▶ _What the exercise asks_: When you retype the data, keep every line exactly as it appears.

▶ _Records for this task_:
○ ○ ○ ○ ○
text \<open>Only the edges of F at the new vertex n depend on x, the edge (a, n) giving pair_point x (t a);
  the cases of none, one, two or three such edges are settled by genericity of t and by the
  three lemmas on pair_point.\<close>
lemma finite_collinear_extensions:
  assumes gen: "generic n t" and F: "F \<subseteq> edges (Suc n)" "card F = 3" "\<not> triangle_edges F"
  shows "finite {x. collinear (edge_point (t(n := x)) ` F)}"
proof -
  define L where "L = {a. (a, n) \<in> F}"
  define G where "G = F \<inter> edges n"
  have F_eq: "F = (\<lambda>a. (a, n)) ` L \<union> G"
    using edges_Suc_split[OF F(1)] by (simp add: L_def G_def)
  have points: "edge_point (t(n := x)) ` F = (\<lambda>a. pair_point x (t a)) ` L \<union> edge_point t ` G" for x
    using edge_point_fun_upd_image[OF F(1)] by (simp add: L_def G_def)
  have card: "card L + card G = 3"
    using card_edges_Suc_split[OF F(1)] F(2) by (simp add: L_def G_def)
  have L: "L \<subseteq> {..<n}"
    using F(1) by (auto simp: L_def edges_def)
  have G: "G \<subseteq> edges n"
    by (simp add: G_def)
  have inj_t: "inj_on t {..<n}"
    using gen by (simp add: generic_def)
  have inj_G: "inj_on (edge_point t) G"
    using inj_on_edge_point_edges[OF inj_t] G by (rule inj_on_subset)
  consider "card L = 0" | "card L = 1" | "card L = 2" | "card L = 3"
    using card by linarith
  then show ?thesis
  proof cases
    case 1
    then have "L = {}"
      using L finite_subset by fastforce
    then have "F = G"
      using F_eq by simp
    then have "\<not> collinear (edge_point t ` G)"
      using gen F G by (auto simp: generic_def)
    then show ?thesis
      by (simp add: points \<open>L = {}\<close>)
  next
    case 2
    then obtain a e1 e2 where "L = {a}" "G = {e1, e2}" "e1 \<noteq> e2"
      using card by (auto simp: card_1_singleton_iff card_2_iff)
    then have "edge_point (t(n := x)) ` F = {pair_point x (t a), edge_point t e1, edge_point t e2}" for x
      by (auto simp: points)
    moreover have "edge_point t e1 \<noteq> edge_point t e2"
      using inj_G \<open>G = {e1, e2}\<close> \<open>e1 \<noteq> e2\<close> by (auto simp: inj_on_def)
    ultimately show ?thesis
      using finite_collinear_pair_point_1 by simp
  next
    case 3
    then obtain a c e where ace: "L = {a, c}" "a \<noteq> c" "G = {e}"
      using card by (auto simp: card_2_iff card_1_singleton_iff)
    then have "F = {(a, n), (c, n), e}"
      using F_eq by auto
    moreover have "edge_point (t(n := x)) ` F = {pair_point x (t a), pair_point x (t c), edge_point t e}" for x
      using ace by (auto simp: points)
    ultimately show ?thesis
      using finite_collinear_two_new_edges[OF inj_t, of a c e] F(3) ace L G by auto
  next
    case 4
    then obtain a c e where "L = {a, c, e}" "a \<noteq> c" "c \<noteq> e" "a \<noteq> e"
      by (auto simp: card_3_iff)
    moreover have "G = {}"
      using card 4 finite_subset[OF G finite_edges] by simp
    ultimately show ?thesis
      using inj_t L not_collinear_pair_point_3 by (simp add: points inj_on_eq_iff)
  qed
qed

lemma generic_extend:
  assumes gen: "generic n t"
  shows "\<exists>x. generic (Suc n) (t(n := x))"
proof -
  define bad where
    "bad = (\<Union>F \<in> {F. F \<subseteq> edges (Suc n) \<and> card F = 3 \<and> \<not> triangle_edges F}.
              {x. collinear (edge_point (t(n := x)) ` F)})"
  have "finite {F. F \<subseteq> edges (Suc n) \<and> card F = 3 \<and> \<not> triangle_edges F}"
    by (rule finite_subset[of _ "Pow (edges (Suc n))"]) (auto simp: finite_edges)
  then have "finite (bad \<union> t ` {..<n})"
    unfolding bad_def using finite_collinear_extensions[OF gen] by simp
  then obtain x where x: "x \<notin> bad \<union> t ` {..<n}"
    by (meson ex_new_if_finite infinite_UNIV_char_0)
  have "inj_on (t(n := x)) {..<Suc n}"
    using gen x by (auto simp: generic_def lessThan_Suc inj_on_fun_updI)
  moreover have "triangle_edges F"
    if "F \<subseteq> edges (Suc n)" "card F = 3" "collinear (edge_point (t(n := x)) ` F)" for F
    using that x by (auto simp: bad_def)
  ultimately show ?thesis
    by (auto simp: generic_def)
qed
○ ○ ○ ○ ○
▶ _Solution for this task_:
text \<open>Only the edges of F at the new vertex n depend on x, the edge (a, n) giving pair_point x (t a);
  the cases of none, one, two or three such edges are settled by genericity of t and by the
  three lemmas on pair_point.\<close>
lemma finite_collinear_extensions:
  assumes gen: "generic n t" and F: "F \<subseteq> edges (Suc n)" "card F = 3" "\<not> triangle_edges F"
  shows "finite {x. collinear (edge_point (t(n := x)) ` F)}"
proof -
  define L where "L = {a. (a, n) \<in> F}"
  define G where "G = F \<inter> edges n"
  have F_eq: "F = (\<lambda>a. (a, n)) ` L \<union> G"
    using edges_Suc_split[OF F(1)] by (simp add: L_def G_def)
  have points: "edge_point (t(n := x)) ` F = (\<lambda>a. pair_point x (t a)) ` L \<union> edge_point t ` G" for x
    using edge_point_fun_upd_image[OF F(1)] by (simp add: L_def G_def)
  have card: "card L + card G = 3"
    using card_edges_Suc_split[OF F(1)] F(2) by (simp add: L_def G_def)
  have L: "L \<subseteq> {..<n}"
    using F(1) by (auto simp: L_def edges_def)
  have G: "G \<subseteq> edges n"
    by (simp add: G_def)
  have inj_t: "inj_on t {..<n}"
    using gen by (simp add: generic_def)
  have inj_G: "inj_on (edge_point t) G"
    using inj_on_edge_point_edges[OF inj_t] G by (rule inj_on_subset)
  consider "card L = 0" | "card L = 1" | "card L = 2" | "card L = 3"
    using card by linarith
  then show ?thesis
  proof cases
    case 1
    then have "L = {}"
      using L finite_subset by fastforce
    then have "F = G"
      using F_eq by simp
    then have "\<not> collinear (edge_point t ` G)"
      using gen F G by (auto simp: generic_def)
    then show ?thesis
      by (simp add: points \<open>L = {}\<close>)
  next
    case 2
    then obtain a e1 e2 where "L = {a}" "G = {e1, e2}" "e1 \<noteq> e2"
      using card by (auto simp: card_1_singleton_iff card_2_iff)
    then have "edge_point (t(n := x)) ` F = {pair_point x (t a), edge_point t e1, edge_point t e2}" for x
      by (auto simp: points)
    moreover have "edge_point t e1 \<noteq> edge_point t e2"
      using inj_G \<open>G = {e1, e2}\<close> \<open>e1 \<noteq> e2\<close> by (auto simp: inj_on_def)
    ultimately show ?thesis
      using finite_collinear_pair_point_1 by simp
  next
    case 3
    then obtain a c e where ace: "L = {a, c}" "a \<noteq> c" "G = {e}"
      using card by (auto simp: card_2_iff card_1_singleton_iff)
    then have "F = {(a, n), (c, n), e}"
      using F_eq by auto
    moreover have "edge_point (t(n := x)) ` F = {pair_point x (t a), pair_point x (t c), edge_point t e}" for x
      using ace by (auto simp: points)
    ultimately show ?thesis
      using finite_collinear_two_new_edges[OF inj_t, of a c e] F(3) ace L G by auto
  next
    case 4
    then obtain a c e where "L = {a, c, e}" "a \<noteq> c" "c \<noteq> e" "a \<noteq> e"
      by (auto simp: card_3_iff)
    moreover have "G = {}"
      using card 4 finite_subset[OF G finite_edges] by simp
    ultimately show ?thesis
      using inj_t L not_collinear_pair_point_3 by (simp add: points inj_on_eq_iff)
  qed
qed

lemma generic_extend:
  assumes gen: "generic n t"
  shows "\<exists>x. generic (Suc n) (t(n := x))"
proof -
  define bad where
    "bad = (\<Union>F \<in> {F. F \<subseteq> edges (Suc n) \<and> card F = 3 \<and> \<not> triangle_edges F}.
              {x. collinear (edge_point (t(n := x)) ` F)})"
  have "finite {F. F \<subseteq> edges (Suc n) \<and> card F = 3 \<and> \<not> triangle_edges F}"
    by (rule finite_subset[of _ "Pow (edges (Suc n))"]) (auto simp: finite_edges)
  then have "finite (bad \<union> t ` {..<n})"
    unfolding bad_def using finite_collinear_extensions[OF gen] by simp
  then obtain x where x: "x \<notin> bad \<union> t ` {..<n}"
    by (meson ex_new_if_finite infinite_UNIV_char_0)
  have "inj_on (t(n := x)) {..<Suc n}"
    using gen x by (auto simp: generic_def lessThan_Suc inj_on_fun_updI)
  moreover have "triangle_edges F"
    if "F \<subseteq> edges (Suc n)" "card F = 3" "collinear (edge_point (t(n := x)) ` F)" for F
    using that x by (auto simp: bad_def)
  ultimately show ?thesis
    by (auto simp: generic_def)
qed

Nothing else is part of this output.